(* Let $n\ge3$ and let $i,j,k,l\in\{1,\dots,n\}$ be pairwise distinct indices (whenever they occur). Then in $VP_n$: 1) if $\max\{i,j\}<\max\{k,l\}$ and $\varepsilon=\pm1$, then $\lambda_{kl}^{\lambda_{ij}^{\varepsilon}}=\lambda_{kl}$; 2) if $i<j<k$ or $j<i<k$: $\lambda_{ik}^{\lambda_{ij}}=\lambda_{kj}^{\lambda_{ij}}\lambda_{ik}\lambda_{kj}^{-1}$ and $\lambda_{ik}^{\lambda_{ij}^{-1}}=\lambda_{kj}^{-1}\lambda_{ik}\lambda_{kj}^{\lambda_{ij}^{-1}}$; 3) if $i<j<k$ or $j<i<k$: $\lambda_{ki}^{\lambda_{ij}}=\lambda_{kj}\lambda_{ki}\lambda_{kj}^{-\lambda_{ij}}$ and $\lambda_{ki}^{\lambda_{ij}^{-1}}=\lambda_{kj}^{-\lambda_{ij}^{-1}}\lambda_{ki}\lambda_{kj}$; 4) if $i<j<k$ or $j<i<k$: $\lambda_{jk}^{\lambda_{ij}}=\lambda_{ik}\lambda_{jk}\lambda_{kj}\lambda_{ik}^{-1}\lambda_{kj}^{-\lambda_{ij}}$ and $\lambda_{jk}^{\lambda_{ij}^{-1}}=\lambda_{kj}^{-\lambda_{ij}^{-1}}\lambda_{ik}^{-1}\lambda_{kj}\lambda_{jk}\lambda_{ik}$.
   Context: Notation: $a^b=b^{-1}ab$, $a^{-b}=(a^b)^{-1}$. The virtual braid group $VB_n$ is the group with generators $\sigma_1,\dots,\sigma_{n-1},\rho_1,\dots,\rho_{n-1}$ and defining relations: $\sigma_i\sigma_{i+1}\sigma_i=\sigma_{i+1}\sigma_i\sigma_{i+1}$, $\sigma_i\sigma_j=\sigma_j\sigma_i$ ($|i-j|\ge2$); $\rho_i\rho_{i+1}\rho_i=\rho_{i+1}\rho_i\rho_{i+1}$, $\rho_i\rho_j=\rho_j\rho_i$ ($|i-j|\ge2$), $\rho_i^2=1$; $\sigma_i\rho_j=\rho_j\sigma_i$ ($|i-j|\ge2$), $\rho_i\rho_{i+1}\sigma_i=\sigma_{i+1}\rho_i\rho_{i+1}$. $VP_n$ is the kernel of the homomorphism $VB_n\to S_n$ sending $\sigma_i,\rho_i$ to $(i,i+1)$. Define $\lambda_{i,i+1}=\rho_i\sigma_i^{-1}$, $\lambda_{i+1,i}=\sigma_i^{-1}\rho_i$, and for $1\le i<j-1\le n-1$: $\lambda_{ij}=\rho_{j-1}\cdots\rho_{i+1}\lambda_{i,i+1}\rho_{i+1}\cdots\rho_{j-1}$, $\lambda_{ji}=\rho_{j-1}\cdots\rho_{i+1}\lambda_{i+1,i}\rho_{i+1}\cdots\rho_{j-1}$. *)

theory Defs
  imports Main
begin

text \<open>Generators of the virtual braid group: S i stands for sigma_i, R i for rho_i.\<close>
datatype gen = S nat | R nat

text \<open>Words in the generators and their inverses: (g, False) is g, (g, True) is g inverse.\<close>
type_synonym word = "(gen \<times> bool) list"

definition winv :: "word \<Rightarrow> word" where
  "winv w = rev (map (\<lambda>(g, e). (g, \<not> e)) w)"

text \<open>Conjugation convention of the paper: a^b = b^{-1} a b.\<close>
definition wconj :: "word \<Rightarrow> word \<Rightarrow> word" where
  "wconj a b = winv b @ a @ b"

definition sg :: "nat \<Rightarrow> word" where "sg i = [(S i, False)]"
definition rh :: "nat \<Rightarrow> word" where "rh i = [(R i, False)]"

definition vb_rels :: "nat \<Rightarrow> (word \<times> word) set" where
  "vb_rels n =
     {(sg i @ sg (i+1) @ sg i, sg (i+1) @ sg i @ sg (i+1)) | i. 1 \<le> i \<and> i + 1 \<le> n - 1}
   \<union> {(sg i @ sg j, sg j @ sg i) | i j. 1 \<le> i \<and> i \<le> n - 1 \<and> 1 \<le> j \<and> j \<le> n - 1 \<and> (i + 2 \<le> j \<or> j + 2 \<le> i)}
   \<union> {(rh i @ rh (i+1) @ rh i, rh (i+1) @ rh i @ rh (i+1)) | i. 1 \<le> i \<and> i + 1 \<le> n - 1}
   \<union> {(rh i @ rh j, rh j @ rh i) | i j. 1 \<le> i \<and> i \<le> n - 1 \<and> 1 \<le> j \<and> j \<le> n - 1 \<and> (i + 2 \<le> j \<or> j + 2 \<le> i)}
   \<union> {(rh i @ rh i, []) | i. 1 \<le> i \<and> i \<le> n - 1}
   \<union> {(sg i @ rh j, rh j @ sg i) | i j. 1 \<le> i \<and> i \<le> n - 1 \<and> 1 \<le> j \<and> j \<le> n - 1 \<and> (i + 2 \<le> j \<or> j + 2 \<le> i)}
   \<union> {(rh i @ rh (i+1) @ sg i, sg (i+1) @ rh i @ rh (i+1)) | i. 1 \<le> i \<and> i + 1 \<le> n - 1}"

inductive vb_eq :: "nat \<Rightarrow> word \<Rightarrow> word \<Rightarrow> bool" where
  refl: "vb_eq n w w"
| sym: "vb_eq n u v \<Longrightarrow> vb_eq n v u"
| trans: "vb_eq n u v \<Longrightarrow> vb_eq n v w \<Longrightarrow> vb_eq n u w"
| cong: "vb_eq n u v \<Longrightarrow> vb_eq n (a @ u @ b) (a @ v @ b)"
| cancel: "vb_eq n [(g, e), (g, \<not> e)] []"
| rel: "(u, v) \<in> vb_rels n \<Longrightarrow> vb_eq n u v"

definition rhos_up :: "nat \<Rightarrow> nat \<Rightarrow> word" where
  "rhos_up a b = map (\<lambda>k. (R k, False)) [a..<b+1]"

definition lam :: "nat \<Rightarrow> nat \<Rightarrow> word" where
  "lam i j =
    (if i < j then rev (rhos_up (i+1) (j-1)) @ rh i @ winv (sg i) @ rhos_up (i+1) (j-1)
     else rev (rhos_up (j+1) (i-1)) @ winv (sg j) @ rh j @ rhos_up (j+1) (i-1))"

end

theory Submission
  imports Defs "HOL-Combinatorics.Transposition"
begin
(* Let $\beta_1,\dots,\beta_N\in\mathbb R$ with $\beta_a\beta_b\ne0$ for some $a,b$. Then $\widetilde C_\beta$ is an orthogonal projection if and only if $(d-1)\sum_{i=1}^N\beta_i^2+\big(\sum_{i=1}^N\beta_i\big)^2=1$. If this condition holds, then $C_\beta\ge0$ and $\mathrm{Tr}_{\{1,\dots,N\}}C_\beta=I$, so $C_\beta$ is the Choi matrix of a quantum channel $\mathcal M_d\to\mathcal M_d^{\otimes N}$.
   Context: Fix $d\ge2$, $N\ge1$. Tensor factors of $(\mathbb C^d)^{\otimes(N+1)}$ are labelled $0,\dots,N$. For a permutation $\sigma$ of $\{0,\dots,N\}$, $\Pi_\sigma(v_0\otimes\cdots\otimes v_N)=v_{\sigma^{-1}(0)}\otimes\cdots\otimes v_{\sigma^{-1}(N)}$ and $\Pi_\sigma^\Gamma$ is its partial transpose on factor $0$ in the standard basis. For $1\le a,b\le N$, $\Sigma_{a,b}=\{\sigma:\sigma(0)=a,\sigma(b)=0\}$. Define $\widetilde C_\beta=\sum_{1\le a,b\le N}\sum_{\sigma\in\Sigma_{a,b}}\frac{\beta_a\beta_b}{(N-1)!}\Pi_\sigma^\Gamma$ and $C_\beta=\frac{d}{\binom{N+d-1}{N}}\frac{N+d-1}{N}\widetilde C_\beta$. A matrix $C$ is the Choi matrix of a quantum channel iff $C\ge0$ and its partial trace over factors $1,\dots,N$ is $I$ (factor $0$ being the input). *)

theory Defs
  imports Complex_Main "HOL-Combinatorics.Permutations" "Jordan_Normal_Form.Schur_Decomposition"
begin

text \<open>The Hilbert space (C^d)^{tensor (N+1)} is identified with C^(d^(N+1)); the standard
basis vector |i_0 i_1 ... i_N> (tensor factors 0..N, digits i_k < d) has index
sum_k i_k * d^(N-k), i.e. factor 0 is the most significant digit.\<close>

definition dig :: "nat \<Rightarrow> nat \<Rightarrow> nat \<Rightarrow> nat \<Rightarrow> nat" where
  "dig d N x k = (x div d ^ (N - k)) mod d"

text \<open>Permutation operator: Pi_sigma (v_0 x ... x v_N) = v_{sigma^-1 0} x ... x v_{sigma^-1 N},
so <j| Pi_sigma |i> = 1 iff j_{sigma k} = i_k for all k.\<close>
definition perm_op :: "nat \<Rightarrow> nat \<Rightarrow> (nat \<Rightarrow> nat) \<Rightarrow> complex mat" where
  "perm_op d N \<sigma> = mat (d ^ (N + 1)) (d ^ (N + 1))
     (\<lambda>(r, c). if (\<forall>k\<le>N. dig d N r (\<sigma> k) = dig d N c k) then 1 else 0)"

text \<open>Partial transpose on tensor factor 0 in the standard basis:
<j_0 j'| X^Gamma |i_0 i'> = <i_0 j'| X |j_0 i'>.\<close>
definition ptrans0 :: "nat \<Rightarrow> nat \<Rightarrow> complex mat \<Rightarrow> complex mat" where
  "ptrans0 d N X = mat (d ^ (N + 1)) (d ^ (N + 1))
     (\<lambda>(r, c). X $$ ((c div d ^ N) * d ^ N + r mod d ^ N, (r div d ^ N) * d ^ N + c mod d ^ N))"

definition Sigma_ab :: "nat \<Rightarrow> nat \<Rightarrow> nat \<Rightarrow> (nat \<Rightarrow> nat) set" where
  "Sigma_ab N a b = {\<sigma>. \<sigma> permutes {0..N} \<and> \<sigma> 0 = a \<and> \<sigma> b = 0}"

definition Ctilde :: "nat \<Rightarrow> nat \<Rightarrow> (nat \<Rightarrow> real) \<Rightarrow> complex mat" where
  "Ctilde d N \<beta> = mat (d ^ (N + 1)) (d ^ (N + 1))
     (\<lambda>(r, c). \<Sum>a\<in>{1..N}. \<Sum>b\<in>{1..N}. \<Sum>\<sigma>\<in>Sigma_ab N a b.
        complex_of_real (\<beta> a * \<beta> b / fact (N - 1)) * ptrans0 d N (perm_op d N \<sigma>) $$ (r, c))"

definition Cbeta :: "nat \<Rightarrow> nat \<Rightarrow> (nat \<Rightarrow> real) \<Rightarrow> complex mat" where
  "Cbeta d N \<beta> = complex_of_real (real d / real ((N + d - 1) choose N) * (real (N + d - 1) / real N))
     \<cdot>\<^sub>m Ctilde d N \<beta>"

definition orth_proj :: "complex mat \<Rightarrow> bool" where
  "orth_proj P \<longleftrightarrow> square_mat P \<and> P * P = P \<and> mat_adjoint P = P"

definition psd :: "complex mat \<Rightarrow> bool" where
  "psd A \<longleftrightarrow> square_mat A \<and> mat_adjoint A = A \<and>
     (\<forall>v \<in> carrier_vec (dim_row A). 0 \<le> Re (conjugate v \<bullet> (A *\<^sub>v v)))"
#####
Assignment —
Look above for the line containing "v) \<in> vb_rels" and the line containing "(* Let $\beta_1,\dots,\beta_N\in\mathbb". Transcribe both, with the lines between them, exactly.

Answer to the problem —
| rel: "(u, v) \<in> vb_rels n \<Longrightarrow> vb_eq n u v"

definition rhos_up :: "nat \<Rightarrow> nat \<Rightarrow> word" where
  "rhos_up a b = map (\<lambda>k. (R k, False)) [a..<b+1]"

definition lam :: "nat \<Rightarrow> nat \<Rightarrow> word" where
  "lam i j =
    (if i < j then rev (rhos_up (i+1) (j-1)) @ rh i @ winv (sg i) @ rhos_up (i+1) (j-1)
     else rev (rhos_up (j+1) (i-1)) @ winv (sg j) @ rh j @ rhos_up (j+1) (i-1))"

end

theory Submission
  imports Defs "HOL-Combinatorics.Transposition"
begin
(* Let $\beta_1,\dots,\beta_N\in\mathbb R$ with $\beta_a\beta_b\ne0$ for some $a,b$. Then $\widetilde C_\beta$ is an orthogonal projection if and only if $(d-1)\sum_{i=1}^N\beta_i^2+\big(\sum_{i=1}^N\beta_i\big)^2=1$. If this condition holds, then $C_\beta\ge0$ and $\mathrm{Tr}_{\{1,\dots,N\}}C_\beta=I$, so $C_\beta$ is the Choi matrix of a quantum channel $\mathcal M_d\to\mathcal M_d^{\otimes N}$.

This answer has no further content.